Kurz versucht
den "Kreisky"

Sebastian Kurz mag Angela Merkel nicht und sie ihn genauso wenig. Der Österreicher brüskiert die Deutsche gerne.

von Gerfried Sperl © Bild: News

Nicht auszumalen, was passieren würde, wenn der kanadische Premier Justin Trudeau nach Washington D. C. reisen würde, um dort den russischen Botschafter zum Lunch zu treffen. Donald Trump würde ihn auf Twitter bombardieren.

Sebastian Kurz reist nach Berlin, um unter anderen dort am kommenden Mittwoch den umstrittenen US-Botschafter Richard Grenell bei einem kleinen Mittagessen kennenzulernen. Keiner will den anderen zuerst eingeladen haben -umso zauberhafter, klingt das doch nach irreversibler magnetischer Anziehung.

Der Republikaner ist nicht irgendwer, nicht eine der üblichen Botschaftsbesetzungen mit Leuten, die sich durch hohe Wahlkampfspenden eine wichtige oder attraktive Botschaft verdienen. Nein, Grenell ist ein erfahrener Diplomat, der bisher längstdienende US-Pressechef bei den Vereinten Nationen.

Durch ein Interview im rechtspopulistischen Internetmedium "Breitbart" hat er jetzt die deutschen Spitzenpolitiker gegen sich aufgebracht -die Opposition bis hin zur Forderung nach einer Ausweisung, die Regierung in Form einer "Irritation" des Außenministers Heiko Maas. Der Grund: Er, Grenell, wolle in Europa die "Konservativen"(gemeint waren jene rechts von Angela Merkel) stärken.

Sebastian Kurz ist darauf angesprungen. Wohl auch, weil ihn Grenell einen "Rockstar" genannt hat, obwohl der österreichische Kanzler dem Rock-Gott Mick Jagger nicht nur bezüglich Altersunterschied, sondern auch in körperlicher Beweglichkeit weit unterlegen ist.

Kurz traut sich was. Das muss man ihm lassen. Aber diese undiplomatische Visite des diplomatisch Hochbegabten ist sicherlich auch einer besonderen Facette des deutsch-österreichischen Verhältnisses geschuldet: Kurz mag Angela Merkel nicht und sie ihn genauso wenig. Der Österreicher brüskiert die Deutsche gerne.

Im Vergleich dazu sind der russische Präsident Wladimir Putin und der österreichische Bundeskanzler geradezu Freunde. Was sich am Mittwoch beim zehnstündigen Besuch des republikanischen Zaren in Wien wieder zeigte. Der geschmeidige Kurz nannte Russland eine Supermacht, über das Gesicht Putins huschte ein Lächeln, das am Abend davor Armin Wolf in einem harten Interview nicht zu erzeugen vermochte -oder gar nicht wollte.

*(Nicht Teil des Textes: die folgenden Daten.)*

(* Let $\frac{\log n}{n}\le p\le\frac{2\log n}{n}$. Then with probability $1-o(1)$ the graph $G\sim\mathcal G(n,p)$ has the following property. Suppose $B=(S\cup W,E')$ is a bipartite (not necessarily induced) subgraph of $G$ with parts $S$ and $W$ such that (i) $|S|\le\frac{n}{\log^{0.9}n}$, (ii) $|W|=(1+o(1))\frac{n}{\log\log n}$, and (iii) $d_B(v)\ge\frac{\log n}{(\log\log n)^2}$ for every $v\in S$. Then $B$ contains a $\log^{0.2}n$-matching from $S$ to $W$, i.e., a subgraph $M\subseteq B$ in which every $s\in S$ has exactly $\log^{0.2}n$ neighbors and every $w\in W$ has degree at most $1$.
   Context: $\mathcal G(n,p)$ is the binomial random graph on $[n]$ in which each pair is an edge independently with probability $p$. Rounding is ignored. Asymptotics as $n\to\infty$. *)

theory Defs
  imports "HOL-Probability.Probability"
begin

text \<open>Vertex set [n] is rendered as {..<n}; edges are 2-element sets.\<close>

definition all_pairs :: "nat \<Rightarrow> nat set set" where
  "all_pairs n = {{u, v} | u v. u < n \<and> v < n \<and> u \<noteq> v}"

definition gnp :: "nat \<Rightarrow> real \<Rightarrow> nat set set pmf" where
  "gnp n p = map_pmf (\<lambda>f. {e \<in> all_pairs n. f e})
                     (Pi_pmf (all_pairs n) False (\<lambda>_. bernoulli_pmf p))"

definition deg :: "nat set set \<Rightarrow> nat \<Rightarrow> nat" where
  "deg F v = card {e \<in> F. v \<in> e}"

text \<open>The graph property of the lemma, for a graph with edge set E on [n]
  and a given error function value d (the o(1) in |W| = (1+o(1)) n / log log n).\<close>
definition matching_property :: "nat \<Rightarrow> real \<Rightarrow> nat set set \<Rightarrow> bool" where
  "matching_property n d E \<longleftrightarrow>
    (\<forall>S W E'.
       S \<subseteq> {..<n} \<and> W \<subseteq> {..<n} \<and> S \<inter> W = {} \<and>
       E' \<subseteq> E \<and> E' \<subseteq> {{s, w} | s w. s \<in> S \<and> w \<in> W} \<and>
       real (card S) \<le> real n / (ln (real n)) powr 0.9 \<and>
       (1 - d) * (real n / ln (ln (real n))) \<le> real (card W) \<and>
       real (card W) \<le> (1 + d) * (real n / ln (ln (real n))) \<and>
       (\<forall>v\<in>S. real (deg E' v) \<ge> ln (real n) / (ln (ln (real n)))\<^sup>2)
     \<longrightarrow> (\<exists>M \<subseteq> E'.
            (\<forall>s\<in>S. deg M s = nat \<lfloor>(ln (real n)) powr 0.2\<rfloor>) \<and>
            (\<forall>w\<in>W. deg M w \<le> 1)))"

end

theory Submission
  imports Defs "HOL-Real_Asymp.Real_Asymp"
begin

text \<open>Let k = log^0.2 n. If B has no k-matching from S to W, Hall's theorem applied to k copies
  of every vertex of S yields a nonempty X \<subseteq> S with |N_B(X)| < k|X|. Padding N_B(X) gives vertex sets
  X, Y of sizes t \<le> n / log^0.9 n and kt between which G has at least t log n / (log log n)^2 edges.
  A union bound over t, X and Y, using (n choose t)(n choose kt) \<le> (en/t)^((k+1)t) and
  P(Bin(kt^2, p) \<ge> a) \<le> (kt^2 p)^a / a!, bounds the probability of such a dense pair by a
  geometric series \<Sum>_t q^t \<le> 2q with q \<rightarrow> 0.\<close>

definition hall_condition :: "'i set \<Rightarrow> ('i \<Rightarrow> 'b set) \<Rightarrow> bool" where
  "hall_condition I A \<longleftrightarrow> (\<forall>J\<subseteq>I. card J \<le> card (\<Union>(A ` J)))"

lemma hall_condition_subset: "hall_condition I A \<Longrightarrow> K \<subseteq> I \<Longrightarrow> hall_condition K A"
  unfolding hall_condition_def by auto

lemma hall_condition_remove_tight:
  assumes fin: "finite I" "\<forall>i\<in>I. finite (A i)" and hall: "hall_condition I A"
    and J: "J \<subseteq> I" and tight: "card (\<Union>(A ` J)) \<le> card J"
  shows "hall_condition (I - J) (\<lambda>i. A i - \<Union>(A ` J))"
  unfolding hall_condition_def
proof (intro allI impI)
  fix K assume K: "K \<subseteq> I - J"
  define U where "U = \<Union>(A ` J)"
  define V where "V = \<Union>((\<lambda>i. A i - U) ` K)"
  have finJ: "finite J" and finK: "finite K" using fin J K by (auto intro: finite_subset)
  have finU: "finite U" using fin J finJ unfolding U_def by auto
  have "finite (\<Union>(A ` K))" using fin K finK by auto
  moreover have "V \<subseteq> \<Union>(A ` K)" unfolding V_def by auto
  ultimately have finV: "finite V" by (rule finite_subset[rotated])
  have "card U = card J"
    using hall J tight unfolding hall_condition_def U_def by (simp add: le_antisym)
  have "card K + card J = card (K \<union> J)" using K finK finJ by (subst card_Un_disjoint) auto
  also have "\<dots> \<le> card (\<Union>(A ` (K \<union> J)))"
    using hall K J unfolding hall_condition_def by (metis Diff_subset Un_subset_iff subset_trans)
  also have "\<Union>(A ` (K \<union> J)) = V \<union> U" unfolding U_def V_def by auto
  also have "card (V \<union> U) = card V + card U" using finU finV by (subst card_Un_disjoint) (auto simp: V_def)
  finally show "card K \<le> card V" using \<open>card U = card J\<close> by simp
qed

lemma hall_condition_remove_one:
  assumes fin: "finite I" "\<forall>i\<in>I. finite (A i)"
    and surplus: "\<forall>J\<subseteq>I. J \<noteq> {} \<longrightarrow> J \<noteq> I \<longrightarrow> card J < card (\<Union>(A ` J))"
    and i0: "i0 \<in> I"
  shows "hall_condition (I - {i0}) (\<lambda>i. A i - {x})"
  unfolding hall_condition_def
proof (intro allI impI)
  fix K assume K: "K \<subseteq> I - {i0}"
  show "card K \<le> card (\<Union>i\<in>K. A i - {x})"
  proof (cases "K = {}")
    case False
    have finU: "finite (\<Union>(A ` K))" using fin K by (auto intro: finite_subset)
    have "card K < card (\<Union>(A ` K))" using surplus K False i0 by auto
    also have "\<dots> \<le> card (insert x (\<Union>(A ` K)))" using finU by (intro card_mono) auto
    also have "\<dots> = Suc (card (\<Union>(A ` K) - {x}))" using finU by (rule card.insert_remove)
    finally show ?thesis by simp
  qed simp
qed

lemma sdr_Un:
  assumes J: "J \<subseteq> I" and f: "inj_on f J" "\<forall>i\<in>J. f i \<in> A i \<inter> U"
    and g: "inj_on g (I - J)" "\<forall>i\<in>I - J. g i \<in> A i - U"
  shows "\<exists>h. inj_on h I \<and> (\<forall>i\<in>I. h i \<in> A i)"
proof -
  define h where "h = (\<lambda>i. if i \<in> J then f i else g i)"
  have fU: "f i \<in> U" if "i \<in> J" for i using f that by blast
  have gU: "g i \<notin> U" if "i \<in> I - J" for i using g that by blast
  have "inj_on h I"
  proof (rule inj_onI)
    fix i j assume "i \<in> I" "j \<in> I" "h i = h j"
    with f g show "i = j" unfolding h_def by (auto split: if_splits dest: inj_onD) (metis fU gU DiffI)+
  qed
  then show ?thesis using f g unfolding h_def by auto
qed
definition gram_form :: "('a \<Rightarrow> 'a \<Rightarrow> real) \<Rightarrow> (nat \<Rightarrow> 'a) \<Rightarrow> nat \<Rightarrow> nat
     \<Rightarrow> (nat \<Rightarrow> nat \<Rightarrow> real) \<Rightarrow> (nat \<Rightarrow> nat \<Rightarrow> real) \<Rightarrow> real" where
  "gram_form K X N L u v = (\<Sum>j\<in>{1..N}. \<Sum>j'\<in>{1..N}. \<Sum>l\<in>{1..L}. u j l * v j' l * K (X j) (X j'))"

definition single_row :: "nat \<Rightarrow> (nat \<Rightarrow> real) \<Rightarrow> nat \<Rightarrow> nat \<Rightarrow> real" where
  "single_row i \<gamma> j l = (if j = i then \<gamma> l else 0)"

lemma dual_obj_eq_gram_form:
  "dual_obj K X E N L \<alpha> =
     - (1/2) * gram_form K X N L \<alpha> \<alpha> - (\<Sum>j\<in>{1..N}. \<Sum>l\<in>{1..L}. \<alpha> j l * E j l)"
  by (simp add: dual_obj_def gram_form_def)

lemma gram_form_add_scaled:
  "gram_form K X N L (\<lambda>j l. u j l + t * g j l) (\<lambda>j l. u j l + t * g j l) =
     gram_form K X N L u u + t * gram_form K X N L g u + t * gram_form K X N L u g
     + t\<^sup>2 * gram_form K X N L g g"
proof -
  have "(u j l + t * g j l) * (u j' l + t * g j' l) * k =
     u j l * u j' l * k + t * (g j l * u j' l * k) + t * (u j l * g j' l * k) + t\<^sup>2 * (g j l * g j' l * k)"
    for j j' l k
    by (simp add: algebra_simps power2_eq_square)
  then show ?thesis
    unfolding gram_form_def by (simp add: sum.distrib sum_distrib_left)
qed

lemma gram_form_commute:
  assumes "\<forall>x y. K x y = K y x"
  shows "gram_form K X N L u v = gram_form K X N L v u"
proof -
  have "gram_form K X N L v u = (\<Sum>j'\<in>{1..N}. \<Sum>j\<in>{1..N}. \<Sum>l\<in>{1..L}. v j l * u j' l * K (X j) (X j'))"
    unfolding gram_form_def by (rule sum.swap)
  also have "\<dots> = gram_form K X N L u v"
    unfolding gram_form_def using assms by (intro sum.cong refl) (simp add: mult_ac)
  finally show ?thesis by simp
qed

lemma sum_single_row:
  assumes "i \<in> {1..N}"
  shows "(\<Sum>j\<in>{1..N}. single_row i \<gamma> j l * f j) = \<gamma> l * f i"
proof -
  have "(\<Sum>j\<in>{1..N}. single_row i \<gamma> j l * f j) = (\<Sum>j\<in>{1..N}. if j = i then \<gamma> l * f i else 0)"
    by (intro sum.cong) (auto simp: single_row_def)
  then show ?thesis
    using assms by simp
qed

lemma gram_form_single_row:
  assumes "i \<in> {1..N}"
  shows "gram_form K X N L (single_row i \<gamma>) v = (\<Sum>l\<in>{1..L}. \<gamma> l * (\<Sum>j\<in>{1..N}. v j l * K (X i) (X j)))"
proof -
  have "gram_form K X N L (single_row i \<gamma>) v =
      (\<Sum>j\<in>{1..N}. \<Sum>l\<in>{1..L}. \<Sum>j'\<in>{1..N}. single_row i \<gamma> j l * (v j' l * K (X j) (X j')))"
    unfolding gram_form_def mult.assoc by (intro sum.cong refl sum.swap)
  also have "\<dots> = (\<Sum>l\<in>{1..L}. \<Sum>j\<in>{1..N}. single_row i \<gamma> j l * (\<Sum>j'\<in>{1..N}. v j' l * K (X j) (X j')))"
    by (subst sum.swap) (simp add: sum_distrib_left)
  also have "\<dots> = (\<Sum>l\<in>{1..L}. \<gamma> l * (\<Sum>j\<in>{1..N}. v j l * K (X i) (X j)))"
    by (simp only: sum_single_row[OF assms])
  finally show ?thesis .
qed

lemma dual_obj_add_single_row:
  assumes sym: "\<forall>x y. K x y = K y x" and i: "i \<in> {1..N}"
  shows "dual_obj K X E N L (\<lambda>j l. \<alpha> j l + t * single_row i \<gamma> j l) =
    dual_obj K X E N L \<alpha> - t * (\<Sum>l\<in>{1..L}. \<gamma> l * grad K X E N \<alpha> i l)
      - t\<^sup>2 / 2 * (\<Sum>l\<in>{1..L}. (\<gamma> l)\<^sup>2 * K (X i) (X i))"
proof -
  let ?G = "single_row i \<gamma>"
  have cross: "gram_form K X N L ?G \<alpha> = (\<Sum>l\<in>{1..L}. \<gamma> l * (\<Sum>j\<in>{1..N}. \<alpha> j l * K (X i) (X j)))"
    using i by (rule gram_form_single_row)
  have square: "gram_form K X N L ?G ?G = (\<Sum>l\<in>{1..L}. (\<gamma> l)\<^sup>2 * K (X i) (X i))"
    by (simp only: gram_form_single_row[OF i] sum_single_row[OF i] power2_eq_square mult.assoc)
  have linear: "(\<Sum>j\<in>{1..N}. \<Sum>l\<in>{1..L}. (\<alpha> j l + t * ?G j l) * E j l) =
      (\<Sum>j\<in>{1..N}. \<Sum>l\<in>{1..L}. \<alpha> j l * E j l) + t * (\<Sum>l\<in>{1..L}. \<gamma> l * E i l)"
  proof -
    have "(\<Sum>j\<in>{1..N}. \<Sum>l\<in>{1..L}. ?G j l * E j l) = (\<Sum>l\<in>{1..L}. \<gamma> l * E i l)"
      by (subst sum.swap) (simp only: sum_single_row[OF i])
    then show ?thesis
      by (simp add: distrib_right sum.distrib mult.assoc flip: sum_distrib_left)
  qed
  have "(\<Sum>l\<in>{1..L}. \<gamma> l * grad K X E N \<alpha> i l) =
      (\<Sum>l\<in>{1..L}. \<gamma> l * (\<Sum>j\<in>{1..N}. \<alpha> j l * K (X i) (X j))) + (\<Sum>l\<in>{1..L}. \<gamma> l * E i l)"
    unfolding grad_def by (simp add: distrib_left sum.distrib)
  then show ?thesis
    unfolding dual_obj_eq_gram_form gram_form_add_scaled gram_form_commute[OF sym, of X N L \<alpha> ?G]
      cross square linear
    by (simp add: algebra_simps)
qed

lemma dual_feasible_add_single_row:
  assumes feas: "dual_feasible Y Cf N L \<alpha>" and i: "i \<in> {1..N}" and slack: "\<alpha> i (Y i) < Cf i"
    and sum_\<gamma>: "(\<Sum>k\<in>{1..L}. \<gamma> k) = 0" and supp_\<gamma>: "\<forall>k\<in>{1..L}. \<alpha> i k = 0 \<longrightarrow> \<gamma> k = 0"
  shows "\<forall>\<^sub>F t in at 0. dual_feasible Y Cf N L (\<lambda>j l. \<alpha> j l + t * single_row i \<gamma> j l)"
proof -
  have "\<forall>\<^sub>F t in at 0. \<forall>l\<in>{1..L}.
      (l = Y i \<longrightarrow> \<alpha> i l + t * \<gamma> l \<le> Cf i) \<and> (l \<noteq> Y i \<longrightarrow> \<alpha> i l + t * \<gamma> l \<le> 0)"
  proof (intro eventually_ball_finite ballI finite_atLeastAtMost)
    fix l assume l: "l \<in> {1..L}"
    show "\<forall>\<^sub>F t in at 0. (l = Y i \<longrightarrow> \<alpha> i l + t * \<gamma> l \<le> Cf i) \<and> (l \<noteq> Y i \<longrightarrow> \<alpha> i l + t * \<gamma> l \<le> 0)"
    proof (cases "l = Y i")
      case True
      then show ?thesis
        using eventually_add_scaled_le[of "\<alpha> i l" "Cf i" "\<gamma> l"] slack by simp
    next
      case False
      then have "\<alpha> i l \<le> 0"
        using feas i l unfolding dual_feasible_def by blast
      then have "\<alpha> i l < 0 \<or> \<alpha> i l \<le> 0 \<and> \<gamma> l = 0"
        using supp_\<gamma> l by force
      then show ?thesis
        using eventually_add_scaled_le[of "\<alpha> i l" 0 "\<gamma> l"] False by simp
    qed
  qed
  then show ?thesis
  proof (rule eventually_mono)
    fix t :: real
    assume row: "\<forall>l\<in>{1..L}. (l = Y i \<longrightarrow> \<alpha> i l + t * \<gamma> l \<le> Cf i) \<and> (l \<noteq> Y i \<longrightarrow> \<alpha> i l + t * \<gamma> l \<le> 0)"
    have row_sum: "(\<Sum>l\<in>{1..L}. \<alpha> i l + t * \<gamma> l) = 0"
      using feas i sum_\<gamma> unfolding dual_feasible_def by (simp add: sum.distrib flip: sum_distrib_left)
    show "dual_feasible Y Cf N L (\<lambda>j l. \<alpha> j l + t * single_row i \<gamma> j l)"
      unfolding dual_feasible_def
    proof
      fix j assume j: "j \<in> {1..N}"
      show "(\<Sum>l\<in>{1..L}. \<alpha> j l + t * single_row i \<gamma> j l) = 0 \<and>
        (\<forall>l\<in>{1..L}. (l = Y j \<longrightarrow> \<alpha> j l + t * single_row i \<gamma> j l \<le> Cf j) \<and>
          (l \<noteq> Y j \<longrightarrow> \<alpha> j l + t * single_row i \<gamma> j l \<le> 0))"
        using feas j row row_sum unfolding dual_feasible_def single_row_def
        by (cases "j = i") simp_all
    qed
  qed
qed
definition sample_index :: "real \<Rightarrow> (nat \<times> nat) set" where
  "sample_index eps = Sigma {..L eps} (\<lambda>l. {1..Ms eps l})"

definition centred :: "real \<Rightarrow> nat \<times> nat \<Rightarrow> 'b \<Rightarrow> real" where
  "centred eps j \<omega> = (Y (fst j) (snd j) \<omega> - mu (fst j)) / real (Ms eps (fst j))"

definition sigma2 :: "real \<Rightarrow> real" where
  "sigma2 eps = (\<Sum>l\<le>L eps. V l / real (Ms eps l))"

lemma finite_sample_index: "finite (sample_index eps)"
  unfolding sample_index_def by auto

lemma centred_measurable[measurable]: "centred eps j \<in> borel_measurable N"
  unfolding centred_def by measurable

lemma
  shows expectation_centred: "N.expectation (centred eps j) = 0"
    and integrable_centred_square: "integrable N (\<lambda>\<omega>. (centred eps j \<omega>)\<^sup>2)"
    and second_moment_centred:
      "N.expectation (\<lambda>\<omega>. (centred eps j \<omega>)\<^sup>2) = V (fst j) / (real (Ms eps (fst j)))\<^sup>2"
proof -
  obtain l i where j: "j = (l, i)" by (cases j)
  define m where "m = real (Ms eps l)"
  have "centred eps j = (\<lambda>\<omega>. (\<lambda>y. (y - mu l) / m) (Y l i \<omega>))"
    by (auto simp: centred_def j m_def)
  then show "N.expectation (centred eps j) = 0"
    using integral_comp_Y[of "\<lambda>y. (y - mu l) / m" l i] integrable_dlt[of l]
    by (simp add: expct_def M.prob_space)
  have square: "(\<lambda>\<omega>. (centred eps j \<omega>)\<^sup>2) = (\<lambda>\<omega>. (\<lambda>y. (y - mu l)\<^sup>2 / m\<^sup>2) (Y l i \<omega>))"
    by (simp add: centred_def j m_def power_divide)
  then show "integrable N (\<lambda>\<omega>. (centred eps j \<omega>)\<^sup>2)"
    using integrable_comp_Y_iff[of "\<lambda>y. (y - mu l)\<^sup>2 / m\<^sup>2" l i] integrable_centred_dlt_square
    by simp
  show "N.expectation (\<lambda>\<omega>. (centred eps j \<omega>)\<^sup>2) = V (fst j) / (real (Ms eps (fst j)))\<^sup>2"
    unfolding square using integral_comp_Y[of "\<lambda>y. (y - mu l)\<^sup>2" l i] by (simp add: V_eq j m_def)
qed

lemma indep_centred: "N.indep_vars (\<lambda>_. borel) (centred eps) (sample_index eps)"
proof -
  have "N.indep_vars (\<lambda>_. borel)
      (\<lambda>j \<omega>. (\<lambda>y. (y - mu (fst j)) / real (Ms eps (fst j))) ((\<lambda>(l, i). Y l i) j \<omega>)) UNIV"
    by (rule N.indep_vars_compose2[OF indep]) measurable
  then show ?thesis
    unfolding centred_def case_prod_beta by (rule N.indep_vars_subset) simp
qed

lemma estimator_minus_mean_eq:
  "estimator eps \<omega> - expct M (Xl (L eps)) = (\<Sum>j\<in>sample_index eps. centred eps j \<omega>)"
proof -
  have level: "(\<Sum>i\<in>{1..Ms eps l}. centred eps (l, i) \<omega>)
      = 1 / real (Ms eps l) * (\<Sum>i\<in>{1..Ms eps l}. Y l i \<omega>) - mu l" for l
    by (simp add: centred_def sum_subtractf field_simps flip: sum_divide_distrib)
  have "(\<Sum>j\<in>sample_index eps. centred eps j \<omega>)
      = (\<Sum>l\<le>L eps. \<Sum>i\<in>{1..Ms eps l}. centred eps (l, i) \<omega>)"
    unfolding sample_index_def by (subst sum.Sigma) auto
  also have "\<dots> = estimator eps \<omega> - expct M (Xl (L eps))"
    unfolding level mlmc_def by (simp add: sum_subtractf sum_mu_eq)
  finally show ?thesis ..
qed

Die Aufwartung der gesamten österreichischen Regierung in Brüssel am vergangenen Mittwoch war als Ouvertüre der österreichischen EU-Präsidentschaft ein weiterer Akzent in der Wiener Europamusik. Da ein Stakkato, dort ein Divertimento, der Kanzler hat das formale Talent Bruno Kreiskys, die Welt auf Österreich zu fokussieren.

Fehlt nur noch ein gesellschaftspolitisch relevantes Reformpaket und ein internationales Projekt wie das nahöstliche des bisher längstdienenden Kanzlers.

Für einen konservativen "Kreisky" fehlt noch vieles.